**ACTIVITY:** Every entry should be transcribed word for word, so that nothing is missing.

BEGIN RECORDS SHOWN

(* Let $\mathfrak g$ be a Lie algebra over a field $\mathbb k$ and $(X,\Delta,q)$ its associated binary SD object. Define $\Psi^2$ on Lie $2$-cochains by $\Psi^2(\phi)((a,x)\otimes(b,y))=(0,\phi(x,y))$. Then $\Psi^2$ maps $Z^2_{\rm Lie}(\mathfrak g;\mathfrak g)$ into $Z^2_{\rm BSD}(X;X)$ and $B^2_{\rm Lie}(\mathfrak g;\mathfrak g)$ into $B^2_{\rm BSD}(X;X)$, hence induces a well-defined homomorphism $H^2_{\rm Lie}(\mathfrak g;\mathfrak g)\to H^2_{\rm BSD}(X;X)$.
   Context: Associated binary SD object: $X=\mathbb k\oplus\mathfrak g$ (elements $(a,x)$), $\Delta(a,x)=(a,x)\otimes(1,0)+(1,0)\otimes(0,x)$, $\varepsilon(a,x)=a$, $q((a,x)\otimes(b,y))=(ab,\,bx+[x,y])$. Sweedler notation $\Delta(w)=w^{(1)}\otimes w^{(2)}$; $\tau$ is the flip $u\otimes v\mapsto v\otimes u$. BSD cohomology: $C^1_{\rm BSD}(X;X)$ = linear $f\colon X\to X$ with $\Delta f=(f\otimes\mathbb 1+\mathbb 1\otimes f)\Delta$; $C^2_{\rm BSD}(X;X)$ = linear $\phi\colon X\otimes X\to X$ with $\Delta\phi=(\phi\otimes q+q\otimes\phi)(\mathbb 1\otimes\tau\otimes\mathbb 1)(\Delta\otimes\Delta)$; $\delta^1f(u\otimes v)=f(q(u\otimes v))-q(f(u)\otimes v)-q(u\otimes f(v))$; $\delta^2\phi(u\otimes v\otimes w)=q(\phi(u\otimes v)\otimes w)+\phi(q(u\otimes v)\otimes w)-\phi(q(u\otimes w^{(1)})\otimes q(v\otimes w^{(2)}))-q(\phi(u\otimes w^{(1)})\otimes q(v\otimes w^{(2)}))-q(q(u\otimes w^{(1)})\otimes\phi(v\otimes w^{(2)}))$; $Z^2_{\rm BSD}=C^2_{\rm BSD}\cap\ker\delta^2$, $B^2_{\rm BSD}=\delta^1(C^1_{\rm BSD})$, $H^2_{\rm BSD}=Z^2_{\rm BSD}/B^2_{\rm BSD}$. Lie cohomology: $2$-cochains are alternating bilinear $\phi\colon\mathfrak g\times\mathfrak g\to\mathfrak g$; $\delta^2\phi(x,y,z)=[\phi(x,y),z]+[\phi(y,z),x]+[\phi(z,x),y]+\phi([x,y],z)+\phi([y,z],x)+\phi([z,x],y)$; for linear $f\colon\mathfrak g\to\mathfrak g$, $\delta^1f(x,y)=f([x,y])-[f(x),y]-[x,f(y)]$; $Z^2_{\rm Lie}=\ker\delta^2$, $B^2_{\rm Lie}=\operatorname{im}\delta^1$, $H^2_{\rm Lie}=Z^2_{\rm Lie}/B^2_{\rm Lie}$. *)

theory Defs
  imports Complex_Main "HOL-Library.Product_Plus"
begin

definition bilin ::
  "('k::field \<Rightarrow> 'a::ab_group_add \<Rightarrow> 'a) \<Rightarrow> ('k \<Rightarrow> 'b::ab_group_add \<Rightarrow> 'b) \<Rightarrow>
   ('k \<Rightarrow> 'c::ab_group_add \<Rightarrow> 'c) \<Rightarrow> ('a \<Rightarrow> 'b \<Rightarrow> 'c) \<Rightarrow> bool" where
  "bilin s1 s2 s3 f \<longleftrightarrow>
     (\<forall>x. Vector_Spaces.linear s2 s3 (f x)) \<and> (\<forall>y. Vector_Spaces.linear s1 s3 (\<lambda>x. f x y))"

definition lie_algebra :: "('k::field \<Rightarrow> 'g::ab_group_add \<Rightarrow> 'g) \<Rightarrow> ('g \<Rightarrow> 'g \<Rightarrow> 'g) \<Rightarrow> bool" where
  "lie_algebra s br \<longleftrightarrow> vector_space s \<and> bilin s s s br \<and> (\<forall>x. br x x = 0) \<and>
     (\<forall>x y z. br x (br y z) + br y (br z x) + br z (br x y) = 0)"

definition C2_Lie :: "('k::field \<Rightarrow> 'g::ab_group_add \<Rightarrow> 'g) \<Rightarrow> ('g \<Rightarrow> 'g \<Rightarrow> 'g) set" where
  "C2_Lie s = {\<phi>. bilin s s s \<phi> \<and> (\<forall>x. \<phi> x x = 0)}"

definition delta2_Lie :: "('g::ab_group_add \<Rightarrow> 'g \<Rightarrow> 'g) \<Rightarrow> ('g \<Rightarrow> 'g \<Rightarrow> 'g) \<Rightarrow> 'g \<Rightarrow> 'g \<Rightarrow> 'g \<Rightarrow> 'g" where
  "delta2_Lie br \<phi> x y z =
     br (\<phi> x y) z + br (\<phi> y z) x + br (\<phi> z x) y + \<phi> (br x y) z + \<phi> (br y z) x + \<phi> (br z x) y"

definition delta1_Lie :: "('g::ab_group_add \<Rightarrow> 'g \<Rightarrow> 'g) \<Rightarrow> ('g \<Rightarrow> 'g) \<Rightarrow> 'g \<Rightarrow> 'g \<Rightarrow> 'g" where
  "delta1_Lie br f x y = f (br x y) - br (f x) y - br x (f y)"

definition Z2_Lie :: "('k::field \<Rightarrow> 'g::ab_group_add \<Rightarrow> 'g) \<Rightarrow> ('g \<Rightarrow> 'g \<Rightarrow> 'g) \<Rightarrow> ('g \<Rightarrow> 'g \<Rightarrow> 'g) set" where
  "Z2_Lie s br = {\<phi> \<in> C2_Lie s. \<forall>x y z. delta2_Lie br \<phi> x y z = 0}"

END RECORDS SHOWN

**SOLUTION FOR THIS EXERCISE:**
(* Let $\mathfrak g$ be a Lie algebra over a field $\mathbb k$ and $(X,\Delta,q)$ its associated binary SD object. Define $\Psi^2$ on Lie $2$-cochains by $\Psi^2(\phi)((a,x)\otimes(b,y))=(0,\phi(x,y))$. Then $\Psi^2$ maps $Z^2_{\rm Lie}(\mathfrak g;\mathfrak g)$ into $Z^2_{\rm BSD}(X;X)$ and $B^2_{\rm Lie}(\mathfrak g;\mathfrak g)$ into $B^2_{\rm BSD}(X;X)$, hence induces a well-defined homomorphism $H^2_{\rm Lie}(\mathfrak g;\mathfrak g)\to H^2_{\rm BSD}(X;X)$.
   Context: Associated binary SD object: $X=\mathbb k\oplus\mathfrak g$ (elements $(a,x)$), $\Delta(a,x)=(a,x)\otimes(1,0)+(1,0)\otimes(0,x)$, $\varepsilon(a,x)=a$, $q((a,x)\otimes(b,y))=(ab,\,bx+[x,y])$. Sweedler notation $\Delta(w)=w^{(1)}\otimes w^{(2)}$; $\tau$ is the flip $u\otimes v\mapsto v\otimes u$. BSD cohomology: $C^1_{\rm BSD}(X;X)$ = linear $f\colon X\to X$ with $\Delta f=(f\otimes\mathbb 1+\mathbb 1\otimes f)\Delta$; $C^2_{\rm BSD}(X;X)$ = linear $\phi\colon X\otimes X\to X$ with $\Delta\phi=(\phi\otimes q+q\otimes\phi)(\mathbb 1\otimes\tau\otimes\mathbb 1)(\Delta\otimes\Delta)$; $\delta^1f(u\otimes v)=f(q(u\otimes v))-q(f(u)\otimes v)-q(u\otimes f(v))$; $\delta^2\phi(u\otimes v\otimes w)=q(\phi(u\otimes v)\otimes w)+\phi(q(u\otimes v)\otimes w)-\phi(q(u\otimes w^{(1)})\otimes q(v\otimes w^{(2)}))-q(\phi(u\otimes w^{(1)})\otimes q(v\otimes w^{(2)}))-q(q(u\otimes w^{(1)})\otimes\phi(v\otimes w^{(2)}))$; $Z^2_{\rm BSD}=C^2_{\rm BSD}\cap\ker\delta^2$, $B^2_{\rm BSD}=\delta^1(C^1_{\rm BSD})$, $H^2_{\rm BSD}=Z^2_{\rm BSD}/B^2_{\rm BSD}$. Lie cohomology: $2$-cochains are alternating bilinear $\phi\colon\mathfrak g\times\mathfrak g\to\mathfrak g$; $\delta^2\phi(x,y,z)=[\phi(x,y),z]+[\phi(y,z),x]+[\phi(z,x),y]+\phi([x,y],z)+\phi([y,z],x)+\phi([z,x],y)$; for linear $f\colon\mathfrak g\to\mathfrak g$, $\delta^1f(x,y)=f([x,y])-[f(x),y]-[x,f(y)]$; $Z^2_{\rm Lie}=\ker\delta^2$, $B^2_{\rm Lie}=\operatorname{im}\delta^1$, $H^2_{\rm Lie}=Z^2_{\rm Lie}/B^2_{\rm Lie}$. *)

theory Defs
  imports Complex_Main "HOL-Library.Product_Plus"
begin

definition bilin ::
  "('k::field \<Rightarrow> 'a::ab_group_add \<Rightarrow> 'a) \<Rightarrow> ('k \<Rightarrow> 'b::ab_group_add \<Rightarrow> 'b) \<Rightarrow>
   ('k \<Rightarrow> 'c::ab_group_add \<Rightarrow> 'c) \<Rightarrow> ('a \<Rightarrow> 'b \<Rightarrow> 'c) \<Rightarrow> bool" where
  "bilin s1 s2 s3 f \<longleftrightarrow>
     (\<forall>x. Vector_Spaces.linear s2 s3 (f x)) \<and> (\<forall>y. Vector_Spaces.linear s1 s3 (\<lambda>x. f x y))"

definition lie_algebra :: "('k::field \<Rightarrow> 'g::ab_group_add \<Rightarrow> 'g) \<Rightarrow> ('g \<Rightarrow> 'g \<Rightarrow> 'g) \<Rightarrow> bool" where
  "lie_algebra s br \<longleftrightarrow> vector_space s \<and> bilin s s s br \<and> (\<forall>x. br x x = 0) \<and>
     (\<forall>x y z. br x (br y z) + br y (br z x) + br z (br x y) = 0)"

definition C2_Lie :: "('k::field \<Rightarrow> 'g::ab_group_add \<Rightarrow> 'g) \<Rightarrow> ('g \<Rightarrow> 'g \<Rightarrow> 'g) set" where
  "C2_Lie s = {\<phi>. bilin s s s \<phi> \<and> (\<forall>x. \<phi> x x = 0)}"

definition delta2_Lie :: "('g::ab_group_add \<Rightarrow> 'g \<Rightarrow> 'g) \<Rightarrow> ('g \<Rightarrow> 'g \<Rightarrow> 'g) \<Rightarrow> 'g \<Rightarrow> 'g \<Rightarrow> 'g \<Rightarrow> 'g" where
  "delta2_Lie br \<phi> x y z =
     br (\<phi> x y) z + br (\<phi> y z) x + br (\<phi> z x) y + \<phi> (br x y) z + \<phi> (br y z) x + \<phi> (br z x) y"

definition delta1_Lie :: "('g::ab_group_add \<Rightarrow> 'g \<Rightarrow> 'g) \<Rightarrow> ('g \<Rightarrow> 'g) \<Rightarrow> 'g \<Rightarrow> 'g \<Rightarrow> 'g" where
  "delta1_Lie br f x y = f (br x y) - br (f x) y - br x (f y)"

definition Z2_Lie :: "('k::field \<Rightarrow> 'g::ab_group_add \<Rightarrow> 'g) \<Rightarrow> ('g \<Rightarrow> 'g \<Rightarrow> 'g) \<Rightarrow> ('g \<Rightarrow> 'g \<Rightarrow> 'g) set" where
  "Z2_Lie s br = {\<phi> \<in> C2_Lie s. \<forall>x y z. delta2_Lie br \<phi> x y z = 0}"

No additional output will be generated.